BEGIN EXERCISE INPUTS
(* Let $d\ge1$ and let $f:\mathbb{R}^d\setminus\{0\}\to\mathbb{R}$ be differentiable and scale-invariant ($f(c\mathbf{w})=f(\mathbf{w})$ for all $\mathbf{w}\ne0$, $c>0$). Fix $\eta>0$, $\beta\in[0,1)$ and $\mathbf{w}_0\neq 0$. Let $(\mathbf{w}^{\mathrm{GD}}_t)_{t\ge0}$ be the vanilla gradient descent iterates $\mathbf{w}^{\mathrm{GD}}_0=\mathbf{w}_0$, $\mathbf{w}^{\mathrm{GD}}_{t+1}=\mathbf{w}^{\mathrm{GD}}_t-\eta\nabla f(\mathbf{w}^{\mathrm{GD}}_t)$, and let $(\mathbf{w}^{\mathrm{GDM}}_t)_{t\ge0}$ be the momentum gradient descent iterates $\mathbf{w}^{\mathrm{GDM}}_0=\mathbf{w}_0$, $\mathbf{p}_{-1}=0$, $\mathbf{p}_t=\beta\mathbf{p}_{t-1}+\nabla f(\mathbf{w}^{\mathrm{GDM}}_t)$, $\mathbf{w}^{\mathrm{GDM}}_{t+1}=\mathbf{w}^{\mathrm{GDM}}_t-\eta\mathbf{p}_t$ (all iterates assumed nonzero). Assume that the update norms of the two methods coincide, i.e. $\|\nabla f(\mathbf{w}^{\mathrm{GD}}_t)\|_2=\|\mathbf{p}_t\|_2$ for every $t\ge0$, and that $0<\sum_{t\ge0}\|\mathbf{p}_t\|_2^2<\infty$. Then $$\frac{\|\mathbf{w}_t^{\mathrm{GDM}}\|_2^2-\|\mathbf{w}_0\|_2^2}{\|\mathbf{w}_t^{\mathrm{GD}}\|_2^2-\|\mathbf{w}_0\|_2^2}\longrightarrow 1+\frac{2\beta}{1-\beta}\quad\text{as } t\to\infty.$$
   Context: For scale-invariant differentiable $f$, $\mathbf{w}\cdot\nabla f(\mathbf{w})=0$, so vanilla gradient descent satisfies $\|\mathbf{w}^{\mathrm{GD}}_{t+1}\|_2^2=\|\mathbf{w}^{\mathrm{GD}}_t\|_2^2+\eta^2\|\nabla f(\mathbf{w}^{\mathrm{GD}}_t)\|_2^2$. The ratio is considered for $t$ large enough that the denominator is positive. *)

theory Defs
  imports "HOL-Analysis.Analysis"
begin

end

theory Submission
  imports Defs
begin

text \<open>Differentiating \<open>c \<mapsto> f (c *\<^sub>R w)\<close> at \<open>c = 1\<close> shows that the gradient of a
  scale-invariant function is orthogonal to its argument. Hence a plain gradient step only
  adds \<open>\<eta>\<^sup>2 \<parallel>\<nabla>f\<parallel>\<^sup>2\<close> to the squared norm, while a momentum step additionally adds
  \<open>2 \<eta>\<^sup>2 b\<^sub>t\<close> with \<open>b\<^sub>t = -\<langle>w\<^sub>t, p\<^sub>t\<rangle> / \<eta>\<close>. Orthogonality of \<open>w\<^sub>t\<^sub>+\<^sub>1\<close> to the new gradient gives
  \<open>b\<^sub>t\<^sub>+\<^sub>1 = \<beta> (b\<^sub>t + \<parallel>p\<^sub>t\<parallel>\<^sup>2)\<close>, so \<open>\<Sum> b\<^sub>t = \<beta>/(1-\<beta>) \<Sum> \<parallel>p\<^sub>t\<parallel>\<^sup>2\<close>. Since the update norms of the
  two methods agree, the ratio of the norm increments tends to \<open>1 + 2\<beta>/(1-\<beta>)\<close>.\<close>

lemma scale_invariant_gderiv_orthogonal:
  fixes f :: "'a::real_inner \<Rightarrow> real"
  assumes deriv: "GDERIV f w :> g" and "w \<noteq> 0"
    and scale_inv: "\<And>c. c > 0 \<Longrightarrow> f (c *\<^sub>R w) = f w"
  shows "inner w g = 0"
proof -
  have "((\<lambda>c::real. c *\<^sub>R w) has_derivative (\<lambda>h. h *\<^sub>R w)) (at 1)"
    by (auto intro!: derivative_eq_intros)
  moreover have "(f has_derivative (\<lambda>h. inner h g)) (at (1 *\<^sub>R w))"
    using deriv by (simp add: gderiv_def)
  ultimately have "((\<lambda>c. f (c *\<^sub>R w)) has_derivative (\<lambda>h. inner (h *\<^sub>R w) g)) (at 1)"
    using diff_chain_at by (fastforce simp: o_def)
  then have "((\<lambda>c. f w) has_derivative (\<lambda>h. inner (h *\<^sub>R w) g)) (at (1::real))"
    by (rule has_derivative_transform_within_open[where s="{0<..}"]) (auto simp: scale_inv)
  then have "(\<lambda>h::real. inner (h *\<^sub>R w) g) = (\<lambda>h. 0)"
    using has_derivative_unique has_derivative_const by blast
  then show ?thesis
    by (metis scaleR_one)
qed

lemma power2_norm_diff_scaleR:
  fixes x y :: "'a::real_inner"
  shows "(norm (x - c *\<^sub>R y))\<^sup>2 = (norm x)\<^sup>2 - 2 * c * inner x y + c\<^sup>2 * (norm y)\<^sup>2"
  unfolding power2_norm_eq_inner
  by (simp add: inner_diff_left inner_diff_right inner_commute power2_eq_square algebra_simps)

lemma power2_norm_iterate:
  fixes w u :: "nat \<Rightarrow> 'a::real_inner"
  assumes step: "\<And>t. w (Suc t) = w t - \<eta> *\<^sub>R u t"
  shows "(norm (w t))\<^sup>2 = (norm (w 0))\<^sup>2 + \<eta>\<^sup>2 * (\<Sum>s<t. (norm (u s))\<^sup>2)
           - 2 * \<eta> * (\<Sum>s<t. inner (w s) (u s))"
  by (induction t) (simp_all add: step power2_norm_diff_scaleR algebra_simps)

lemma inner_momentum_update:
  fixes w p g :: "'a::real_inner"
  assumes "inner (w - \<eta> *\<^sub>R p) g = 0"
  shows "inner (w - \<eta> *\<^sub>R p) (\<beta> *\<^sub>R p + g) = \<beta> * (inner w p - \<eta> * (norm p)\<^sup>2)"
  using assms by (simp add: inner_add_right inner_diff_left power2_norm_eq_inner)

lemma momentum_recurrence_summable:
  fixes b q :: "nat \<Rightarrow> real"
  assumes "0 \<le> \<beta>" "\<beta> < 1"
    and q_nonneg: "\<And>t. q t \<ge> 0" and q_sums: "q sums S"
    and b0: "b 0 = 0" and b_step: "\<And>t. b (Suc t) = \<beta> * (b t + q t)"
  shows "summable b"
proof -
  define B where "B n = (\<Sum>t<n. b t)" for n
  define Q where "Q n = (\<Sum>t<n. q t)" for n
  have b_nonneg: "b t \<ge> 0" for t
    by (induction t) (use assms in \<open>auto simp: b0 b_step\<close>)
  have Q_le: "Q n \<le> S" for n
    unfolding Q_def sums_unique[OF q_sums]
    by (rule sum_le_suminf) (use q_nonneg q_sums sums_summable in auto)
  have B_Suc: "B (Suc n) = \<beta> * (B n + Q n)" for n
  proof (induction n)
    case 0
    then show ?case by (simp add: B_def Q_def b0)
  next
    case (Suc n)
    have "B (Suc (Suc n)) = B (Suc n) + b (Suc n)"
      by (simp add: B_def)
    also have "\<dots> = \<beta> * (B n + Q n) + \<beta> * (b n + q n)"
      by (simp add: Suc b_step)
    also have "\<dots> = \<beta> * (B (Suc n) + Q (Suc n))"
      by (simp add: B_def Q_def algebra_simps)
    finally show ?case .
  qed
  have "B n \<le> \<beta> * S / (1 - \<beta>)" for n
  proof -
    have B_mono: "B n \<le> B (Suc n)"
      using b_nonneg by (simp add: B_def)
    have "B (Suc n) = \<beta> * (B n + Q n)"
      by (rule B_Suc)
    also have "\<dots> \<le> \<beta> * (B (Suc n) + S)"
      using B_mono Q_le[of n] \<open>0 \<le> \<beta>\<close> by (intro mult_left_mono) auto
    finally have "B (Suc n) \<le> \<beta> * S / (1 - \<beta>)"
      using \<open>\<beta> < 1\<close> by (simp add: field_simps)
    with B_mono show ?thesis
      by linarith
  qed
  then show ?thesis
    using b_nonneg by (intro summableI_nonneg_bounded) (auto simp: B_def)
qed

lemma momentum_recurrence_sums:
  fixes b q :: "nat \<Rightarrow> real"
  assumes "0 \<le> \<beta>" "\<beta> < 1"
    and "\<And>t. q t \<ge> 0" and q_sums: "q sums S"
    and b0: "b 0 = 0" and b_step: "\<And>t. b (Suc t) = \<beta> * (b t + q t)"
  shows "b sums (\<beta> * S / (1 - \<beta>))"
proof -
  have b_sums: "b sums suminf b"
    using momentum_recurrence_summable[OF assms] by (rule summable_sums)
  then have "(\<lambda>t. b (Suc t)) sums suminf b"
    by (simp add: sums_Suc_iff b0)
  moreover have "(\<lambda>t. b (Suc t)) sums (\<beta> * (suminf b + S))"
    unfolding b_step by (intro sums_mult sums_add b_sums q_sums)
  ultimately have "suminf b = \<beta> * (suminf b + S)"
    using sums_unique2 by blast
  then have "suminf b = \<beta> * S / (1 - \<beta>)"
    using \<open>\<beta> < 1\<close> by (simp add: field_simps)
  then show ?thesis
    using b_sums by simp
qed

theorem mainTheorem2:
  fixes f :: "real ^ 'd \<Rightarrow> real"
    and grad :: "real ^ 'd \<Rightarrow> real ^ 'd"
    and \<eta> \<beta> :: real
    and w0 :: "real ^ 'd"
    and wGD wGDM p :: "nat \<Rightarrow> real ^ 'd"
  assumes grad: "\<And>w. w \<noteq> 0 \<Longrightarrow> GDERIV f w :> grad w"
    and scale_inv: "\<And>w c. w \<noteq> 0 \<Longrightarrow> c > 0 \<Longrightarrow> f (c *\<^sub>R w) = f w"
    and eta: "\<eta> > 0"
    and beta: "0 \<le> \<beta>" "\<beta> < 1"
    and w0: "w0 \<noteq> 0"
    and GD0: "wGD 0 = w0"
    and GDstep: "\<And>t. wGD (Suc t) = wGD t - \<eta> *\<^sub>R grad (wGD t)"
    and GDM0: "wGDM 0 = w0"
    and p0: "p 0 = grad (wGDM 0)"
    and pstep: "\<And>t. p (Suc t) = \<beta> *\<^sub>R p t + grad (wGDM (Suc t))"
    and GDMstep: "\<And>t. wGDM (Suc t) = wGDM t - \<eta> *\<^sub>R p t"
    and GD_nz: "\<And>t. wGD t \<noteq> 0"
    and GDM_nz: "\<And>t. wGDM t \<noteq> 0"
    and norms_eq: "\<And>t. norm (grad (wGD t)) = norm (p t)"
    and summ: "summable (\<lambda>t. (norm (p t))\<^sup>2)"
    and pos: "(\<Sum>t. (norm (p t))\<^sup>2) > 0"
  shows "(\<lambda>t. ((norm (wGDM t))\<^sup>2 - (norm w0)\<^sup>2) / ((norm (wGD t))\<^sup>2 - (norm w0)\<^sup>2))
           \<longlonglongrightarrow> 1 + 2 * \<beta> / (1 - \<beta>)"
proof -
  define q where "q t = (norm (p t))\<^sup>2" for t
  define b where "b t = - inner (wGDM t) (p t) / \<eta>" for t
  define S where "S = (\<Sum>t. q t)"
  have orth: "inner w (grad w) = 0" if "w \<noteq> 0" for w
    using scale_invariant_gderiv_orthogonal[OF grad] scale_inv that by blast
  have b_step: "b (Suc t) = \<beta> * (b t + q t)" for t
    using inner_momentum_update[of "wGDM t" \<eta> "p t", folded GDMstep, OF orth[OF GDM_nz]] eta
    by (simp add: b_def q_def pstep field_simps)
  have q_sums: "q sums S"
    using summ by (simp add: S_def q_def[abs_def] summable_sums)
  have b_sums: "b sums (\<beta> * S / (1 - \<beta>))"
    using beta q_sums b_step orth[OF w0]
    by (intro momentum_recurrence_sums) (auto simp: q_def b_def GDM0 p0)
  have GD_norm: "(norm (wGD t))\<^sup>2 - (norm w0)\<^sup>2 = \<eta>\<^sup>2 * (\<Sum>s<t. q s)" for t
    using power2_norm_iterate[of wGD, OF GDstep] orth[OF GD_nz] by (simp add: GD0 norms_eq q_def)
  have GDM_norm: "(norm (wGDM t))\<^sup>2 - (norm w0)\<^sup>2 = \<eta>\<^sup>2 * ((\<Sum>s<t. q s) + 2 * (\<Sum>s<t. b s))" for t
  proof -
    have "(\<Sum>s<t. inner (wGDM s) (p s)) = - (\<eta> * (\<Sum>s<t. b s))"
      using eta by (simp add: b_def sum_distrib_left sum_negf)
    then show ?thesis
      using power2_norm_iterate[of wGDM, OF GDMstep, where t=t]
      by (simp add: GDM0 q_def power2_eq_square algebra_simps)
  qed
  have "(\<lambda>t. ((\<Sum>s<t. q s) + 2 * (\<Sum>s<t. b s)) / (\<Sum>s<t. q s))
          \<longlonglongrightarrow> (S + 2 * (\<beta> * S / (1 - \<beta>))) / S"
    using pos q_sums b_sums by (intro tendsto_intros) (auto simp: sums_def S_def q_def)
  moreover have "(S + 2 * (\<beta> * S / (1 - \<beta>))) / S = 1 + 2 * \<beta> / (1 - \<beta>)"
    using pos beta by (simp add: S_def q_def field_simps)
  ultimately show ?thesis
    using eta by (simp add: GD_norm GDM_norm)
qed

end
END EXERCISE INPUTS
◆ **TASK**: Here, the lines to copy run from the one containing "using pos beta" to the final line of the listing; copy them exactly and nothing else.

◆ **ANSWER SECTION**:
    using pos beta by (simp add: S_def q_def field_simps)
  ultimately show ?thesis
    using eta by (simp add: GD_norm GDM_norm)
qed

end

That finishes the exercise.